#### [TASK STATEMENT]
For the data below, give again exactly the lines from the one containing "finally show ?thesis by (simp add: add.assoc)" through the one containing "ovals par U3", both ends included, and no others.

#### [DATASET EXCERPTS]
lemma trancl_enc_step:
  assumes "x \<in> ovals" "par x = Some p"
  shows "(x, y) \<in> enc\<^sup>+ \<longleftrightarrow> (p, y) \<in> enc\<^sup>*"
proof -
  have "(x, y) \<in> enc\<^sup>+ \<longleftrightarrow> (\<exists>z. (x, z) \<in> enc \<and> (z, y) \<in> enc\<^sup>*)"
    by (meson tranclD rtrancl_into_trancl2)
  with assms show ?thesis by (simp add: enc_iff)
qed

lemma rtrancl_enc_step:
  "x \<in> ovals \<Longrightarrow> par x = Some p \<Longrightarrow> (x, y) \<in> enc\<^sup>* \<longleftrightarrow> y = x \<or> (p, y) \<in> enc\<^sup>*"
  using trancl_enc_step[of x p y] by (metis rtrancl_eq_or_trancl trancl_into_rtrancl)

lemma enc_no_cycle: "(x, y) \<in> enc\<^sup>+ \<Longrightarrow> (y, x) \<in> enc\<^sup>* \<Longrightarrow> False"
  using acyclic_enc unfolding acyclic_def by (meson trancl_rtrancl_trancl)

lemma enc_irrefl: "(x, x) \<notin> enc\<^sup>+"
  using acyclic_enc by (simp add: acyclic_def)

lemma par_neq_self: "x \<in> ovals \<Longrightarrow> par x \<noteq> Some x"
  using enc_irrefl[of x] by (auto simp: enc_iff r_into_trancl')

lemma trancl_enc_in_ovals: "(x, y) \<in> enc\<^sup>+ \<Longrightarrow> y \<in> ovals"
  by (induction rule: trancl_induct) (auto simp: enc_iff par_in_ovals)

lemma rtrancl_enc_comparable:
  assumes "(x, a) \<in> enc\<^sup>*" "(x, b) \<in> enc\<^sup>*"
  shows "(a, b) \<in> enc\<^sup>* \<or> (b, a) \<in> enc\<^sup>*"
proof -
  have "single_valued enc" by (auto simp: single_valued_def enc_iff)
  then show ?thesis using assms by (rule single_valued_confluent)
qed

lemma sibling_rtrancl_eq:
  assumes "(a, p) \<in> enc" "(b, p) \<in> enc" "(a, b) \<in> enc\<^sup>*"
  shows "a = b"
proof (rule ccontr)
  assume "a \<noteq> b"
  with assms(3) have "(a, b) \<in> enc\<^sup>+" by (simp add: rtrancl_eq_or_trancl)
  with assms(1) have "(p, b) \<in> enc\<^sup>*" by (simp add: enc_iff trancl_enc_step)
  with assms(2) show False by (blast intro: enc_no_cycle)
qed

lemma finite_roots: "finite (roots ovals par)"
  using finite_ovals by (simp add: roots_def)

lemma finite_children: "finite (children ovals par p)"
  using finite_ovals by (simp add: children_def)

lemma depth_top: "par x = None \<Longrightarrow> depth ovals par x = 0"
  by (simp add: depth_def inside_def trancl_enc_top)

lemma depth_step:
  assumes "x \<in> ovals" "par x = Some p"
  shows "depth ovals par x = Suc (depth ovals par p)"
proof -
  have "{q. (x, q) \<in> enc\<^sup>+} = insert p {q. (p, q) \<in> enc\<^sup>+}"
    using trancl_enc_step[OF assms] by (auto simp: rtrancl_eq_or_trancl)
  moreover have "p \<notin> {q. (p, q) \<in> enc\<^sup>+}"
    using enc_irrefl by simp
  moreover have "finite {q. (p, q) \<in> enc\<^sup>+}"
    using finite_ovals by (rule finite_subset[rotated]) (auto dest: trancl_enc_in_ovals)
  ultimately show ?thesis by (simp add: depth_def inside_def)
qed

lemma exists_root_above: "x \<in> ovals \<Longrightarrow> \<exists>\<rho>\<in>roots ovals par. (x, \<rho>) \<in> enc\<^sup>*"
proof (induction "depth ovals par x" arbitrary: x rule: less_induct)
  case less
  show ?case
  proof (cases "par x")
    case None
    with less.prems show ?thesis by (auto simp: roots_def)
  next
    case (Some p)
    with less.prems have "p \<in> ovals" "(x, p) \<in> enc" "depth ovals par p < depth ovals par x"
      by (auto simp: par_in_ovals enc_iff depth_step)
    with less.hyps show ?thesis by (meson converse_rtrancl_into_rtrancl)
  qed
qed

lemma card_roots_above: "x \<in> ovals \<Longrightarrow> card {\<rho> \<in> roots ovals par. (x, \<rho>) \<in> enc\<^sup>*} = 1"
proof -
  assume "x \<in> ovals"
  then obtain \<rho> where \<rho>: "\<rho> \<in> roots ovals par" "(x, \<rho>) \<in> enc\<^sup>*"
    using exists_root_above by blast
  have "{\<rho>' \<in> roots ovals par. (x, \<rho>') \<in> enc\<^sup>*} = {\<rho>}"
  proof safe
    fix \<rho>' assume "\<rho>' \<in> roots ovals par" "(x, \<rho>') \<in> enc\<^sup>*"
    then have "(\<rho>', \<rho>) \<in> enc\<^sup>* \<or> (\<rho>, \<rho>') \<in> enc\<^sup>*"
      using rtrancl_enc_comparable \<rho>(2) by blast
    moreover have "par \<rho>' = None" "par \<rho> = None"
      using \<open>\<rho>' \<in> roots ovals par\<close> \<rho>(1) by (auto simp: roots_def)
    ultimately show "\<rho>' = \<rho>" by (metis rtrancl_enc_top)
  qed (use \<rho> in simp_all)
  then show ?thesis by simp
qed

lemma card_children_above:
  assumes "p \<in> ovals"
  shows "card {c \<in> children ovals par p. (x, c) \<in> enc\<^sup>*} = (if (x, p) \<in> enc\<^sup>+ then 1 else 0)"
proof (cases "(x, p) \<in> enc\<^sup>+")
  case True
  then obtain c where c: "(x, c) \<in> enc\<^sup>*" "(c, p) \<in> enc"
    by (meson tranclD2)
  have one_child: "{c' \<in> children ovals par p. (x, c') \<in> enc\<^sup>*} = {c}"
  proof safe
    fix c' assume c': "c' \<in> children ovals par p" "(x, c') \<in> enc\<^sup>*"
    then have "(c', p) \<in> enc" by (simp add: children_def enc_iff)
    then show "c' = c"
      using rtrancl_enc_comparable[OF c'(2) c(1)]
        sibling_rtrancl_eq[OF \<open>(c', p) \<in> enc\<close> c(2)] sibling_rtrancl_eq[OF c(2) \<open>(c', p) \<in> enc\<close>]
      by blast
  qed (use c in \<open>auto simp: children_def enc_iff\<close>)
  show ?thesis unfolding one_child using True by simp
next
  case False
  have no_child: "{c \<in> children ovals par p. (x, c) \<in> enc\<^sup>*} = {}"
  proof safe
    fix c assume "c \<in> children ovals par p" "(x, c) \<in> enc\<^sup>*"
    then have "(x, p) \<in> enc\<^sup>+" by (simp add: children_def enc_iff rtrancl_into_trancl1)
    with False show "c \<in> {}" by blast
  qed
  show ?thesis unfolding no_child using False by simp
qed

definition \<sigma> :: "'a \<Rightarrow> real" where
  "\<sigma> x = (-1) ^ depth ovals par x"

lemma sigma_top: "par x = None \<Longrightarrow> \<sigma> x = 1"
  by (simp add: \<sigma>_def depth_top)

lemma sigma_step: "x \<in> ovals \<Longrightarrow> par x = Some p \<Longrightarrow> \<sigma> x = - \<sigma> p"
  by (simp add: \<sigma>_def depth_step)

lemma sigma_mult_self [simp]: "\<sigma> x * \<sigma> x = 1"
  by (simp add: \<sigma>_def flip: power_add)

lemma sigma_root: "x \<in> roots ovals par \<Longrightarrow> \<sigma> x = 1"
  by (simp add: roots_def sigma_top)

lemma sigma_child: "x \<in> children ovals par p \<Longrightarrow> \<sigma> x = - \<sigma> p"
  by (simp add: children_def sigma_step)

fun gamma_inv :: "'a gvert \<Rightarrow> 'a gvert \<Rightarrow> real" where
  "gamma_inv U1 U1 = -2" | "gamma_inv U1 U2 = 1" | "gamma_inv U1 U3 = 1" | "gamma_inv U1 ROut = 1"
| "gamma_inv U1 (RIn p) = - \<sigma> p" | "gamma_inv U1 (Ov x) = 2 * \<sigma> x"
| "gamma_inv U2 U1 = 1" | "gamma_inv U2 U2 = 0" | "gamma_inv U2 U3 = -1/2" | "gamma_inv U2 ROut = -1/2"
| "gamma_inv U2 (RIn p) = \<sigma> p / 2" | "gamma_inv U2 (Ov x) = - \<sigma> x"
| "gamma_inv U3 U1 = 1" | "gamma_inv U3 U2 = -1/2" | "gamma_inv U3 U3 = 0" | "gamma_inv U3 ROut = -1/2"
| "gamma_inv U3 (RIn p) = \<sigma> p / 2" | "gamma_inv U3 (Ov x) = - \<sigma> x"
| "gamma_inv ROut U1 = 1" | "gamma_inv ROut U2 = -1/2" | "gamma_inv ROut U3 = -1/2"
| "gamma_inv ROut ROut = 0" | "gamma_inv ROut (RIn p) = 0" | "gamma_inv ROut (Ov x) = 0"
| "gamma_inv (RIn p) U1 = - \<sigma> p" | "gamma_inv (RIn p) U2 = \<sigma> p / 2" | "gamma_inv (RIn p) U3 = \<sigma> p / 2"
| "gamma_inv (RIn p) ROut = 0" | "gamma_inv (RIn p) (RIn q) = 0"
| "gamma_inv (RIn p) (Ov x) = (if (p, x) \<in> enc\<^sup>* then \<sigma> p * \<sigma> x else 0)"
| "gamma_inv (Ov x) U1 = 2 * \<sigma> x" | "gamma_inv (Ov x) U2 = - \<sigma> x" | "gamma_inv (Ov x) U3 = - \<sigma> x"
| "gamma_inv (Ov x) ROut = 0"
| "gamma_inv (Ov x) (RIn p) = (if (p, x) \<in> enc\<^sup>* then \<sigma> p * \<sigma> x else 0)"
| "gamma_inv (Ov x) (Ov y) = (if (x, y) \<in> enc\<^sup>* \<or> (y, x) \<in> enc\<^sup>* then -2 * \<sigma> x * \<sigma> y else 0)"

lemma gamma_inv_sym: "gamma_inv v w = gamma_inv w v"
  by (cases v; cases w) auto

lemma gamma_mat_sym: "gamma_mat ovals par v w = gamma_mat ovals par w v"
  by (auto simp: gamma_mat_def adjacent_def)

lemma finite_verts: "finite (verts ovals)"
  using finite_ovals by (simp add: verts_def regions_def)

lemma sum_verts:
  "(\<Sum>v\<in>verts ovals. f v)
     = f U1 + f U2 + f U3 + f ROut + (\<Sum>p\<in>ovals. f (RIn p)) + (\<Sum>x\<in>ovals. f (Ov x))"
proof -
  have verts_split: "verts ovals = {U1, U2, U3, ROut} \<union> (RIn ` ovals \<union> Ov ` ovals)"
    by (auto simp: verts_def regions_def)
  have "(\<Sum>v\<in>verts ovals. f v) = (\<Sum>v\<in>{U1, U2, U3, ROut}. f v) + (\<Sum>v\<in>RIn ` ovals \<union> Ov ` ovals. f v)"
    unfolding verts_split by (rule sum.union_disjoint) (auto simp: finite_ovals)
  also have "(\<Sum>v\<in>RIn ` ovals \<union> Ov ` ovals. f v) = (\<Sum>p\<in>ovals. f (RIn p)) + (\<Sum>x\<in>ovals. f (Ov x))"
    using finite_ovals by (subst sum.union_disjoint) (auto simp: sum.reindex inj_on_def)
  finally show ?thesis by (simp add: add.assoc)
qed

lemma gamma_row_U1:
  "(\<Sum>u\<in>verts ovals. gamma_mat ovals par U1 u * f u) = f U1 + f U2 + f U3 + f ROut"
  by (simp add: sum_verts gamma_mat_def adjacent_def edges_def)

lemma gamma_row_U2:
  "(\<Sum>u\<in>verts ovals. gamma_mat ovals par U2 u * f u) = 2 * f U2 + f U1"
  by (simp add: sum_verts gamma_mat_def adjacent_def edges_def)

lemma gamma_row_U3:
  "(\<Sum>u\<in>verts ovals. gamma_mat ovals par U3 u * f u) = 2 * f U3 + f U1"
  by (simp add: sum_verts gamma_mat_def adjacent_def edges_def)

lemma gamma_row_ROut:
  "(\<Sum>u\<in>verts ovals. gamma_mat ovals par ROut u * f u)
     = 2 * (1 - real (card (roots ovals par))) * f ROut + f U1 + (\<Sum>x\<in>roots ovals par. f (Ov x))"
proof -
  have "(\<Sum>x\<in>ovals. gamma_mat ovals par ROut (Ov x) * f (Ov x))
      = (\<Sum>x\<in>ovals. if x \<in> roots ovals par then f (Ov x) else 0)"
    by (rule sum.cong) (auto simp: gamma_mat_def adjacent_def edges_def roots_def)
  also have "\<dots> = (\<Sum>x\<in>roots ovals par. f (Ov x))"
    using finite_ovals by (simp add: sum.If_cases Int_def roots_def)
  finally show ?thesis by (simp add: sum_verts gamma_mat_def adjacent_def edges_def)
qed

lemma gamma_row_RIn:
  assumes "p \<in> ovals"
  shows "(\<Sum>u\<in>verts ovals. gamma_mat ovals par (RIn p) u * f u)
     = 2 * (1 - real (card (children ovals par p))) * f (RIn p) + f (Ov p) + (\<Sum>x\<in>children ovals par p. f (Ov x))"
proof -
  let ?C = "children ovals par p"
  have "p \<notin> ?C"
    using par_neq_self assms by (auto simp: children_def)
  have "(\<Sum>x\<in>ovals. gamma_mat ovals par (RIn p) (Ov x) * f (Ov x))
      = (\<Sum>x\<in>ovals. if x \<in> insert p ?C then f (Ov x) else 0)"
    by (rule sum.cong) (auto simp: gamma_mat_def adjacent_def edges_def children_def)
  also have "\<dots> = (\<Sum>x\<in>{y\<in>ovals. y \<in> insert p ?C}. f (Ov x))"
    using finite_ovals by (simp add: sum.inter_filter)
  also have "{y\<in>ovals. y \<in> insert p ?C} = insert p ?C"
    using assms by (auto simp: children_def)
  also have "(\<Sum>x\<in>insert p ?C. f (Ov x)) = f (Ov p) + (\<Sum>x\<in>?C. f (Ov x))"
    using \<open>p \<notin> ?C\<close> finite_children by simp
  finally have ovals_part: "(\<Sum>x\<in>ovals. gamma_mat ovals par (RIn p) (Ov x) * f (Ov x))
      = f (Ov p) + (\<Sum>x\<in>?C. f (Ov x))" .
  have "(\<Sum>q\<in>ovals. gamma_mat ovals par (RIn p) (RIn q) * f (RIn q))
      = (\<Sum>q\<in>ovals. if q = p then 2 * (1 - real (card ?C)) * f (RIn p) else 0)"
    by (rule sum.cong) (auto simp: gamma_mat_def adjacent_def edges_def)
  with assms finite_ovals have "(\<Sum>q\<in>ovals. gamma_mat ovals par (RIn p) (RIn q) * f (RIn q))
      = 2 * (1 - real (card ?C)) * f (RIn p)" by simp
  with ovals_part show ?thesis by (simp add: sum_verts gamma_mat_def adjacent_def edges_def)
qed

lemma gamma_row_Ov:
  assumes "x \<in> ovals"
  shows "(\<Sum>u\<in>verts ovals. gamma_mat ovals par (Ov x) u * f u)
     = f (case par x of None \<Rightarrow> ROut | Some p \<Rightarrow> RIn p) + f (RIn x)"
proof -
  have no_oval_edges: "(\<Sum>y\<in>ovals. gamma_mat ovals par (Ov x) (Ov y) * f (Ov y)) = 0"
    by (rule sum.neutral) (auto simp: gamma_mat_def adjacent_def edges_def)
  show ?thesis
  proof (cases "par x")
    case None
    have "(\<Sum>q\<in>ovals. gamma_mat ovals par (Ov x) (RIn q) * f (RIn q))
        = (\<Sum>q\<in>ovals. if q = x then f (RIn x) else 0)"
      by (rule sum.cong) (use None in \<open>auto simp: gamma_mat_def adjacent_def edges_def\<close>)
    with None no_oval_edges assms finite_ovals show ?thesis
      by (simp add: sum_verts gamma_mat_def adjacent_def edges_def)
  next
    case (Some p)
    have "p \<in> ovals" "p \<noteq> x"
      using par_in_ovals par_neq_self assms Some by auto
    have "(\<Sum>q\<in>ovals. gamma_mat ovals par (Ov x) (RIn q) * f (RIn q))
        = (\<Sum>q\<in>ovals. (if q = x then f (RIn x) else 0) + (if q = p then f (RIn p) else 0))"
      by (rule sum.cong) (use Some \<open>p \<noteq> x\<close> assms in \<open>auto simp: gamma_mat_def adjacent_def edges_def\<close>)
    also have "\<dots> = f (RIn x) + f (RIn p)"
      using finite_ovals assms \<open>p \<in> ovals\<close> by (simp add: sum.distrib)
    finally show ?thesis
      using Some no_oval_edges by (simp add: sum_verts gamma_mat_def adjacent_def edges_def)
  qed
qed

#### [RESULT OF THE EXERCISE]
  finally show ?thesis by (simp add: add.assoc)
qed

lemma gamma_row_U1:
  "(\<Sum>u\<in>verts ovals. gamma_mat ovals par U1 u * f u) = f U1 + f U2 + f U3 + f ROut"
  by (simp add: sum_verts gamma_mat_def adjacent_def edges_def)

lemma gamma_row_U2:
  "(\<Sum>u\<in>verts ovals. gamma_mat ovals par U2 u * f u) = 2 * f U2 + f U1"
  by (simp add: sum_verts gamma_mat_def adjacent_def edges_def)

lemma gamma_row_U3:
  "(\<Sum>u\<in>verts ovals. gamma_mat ovals par U3 u * f u) = 2 * f U3 + f U1"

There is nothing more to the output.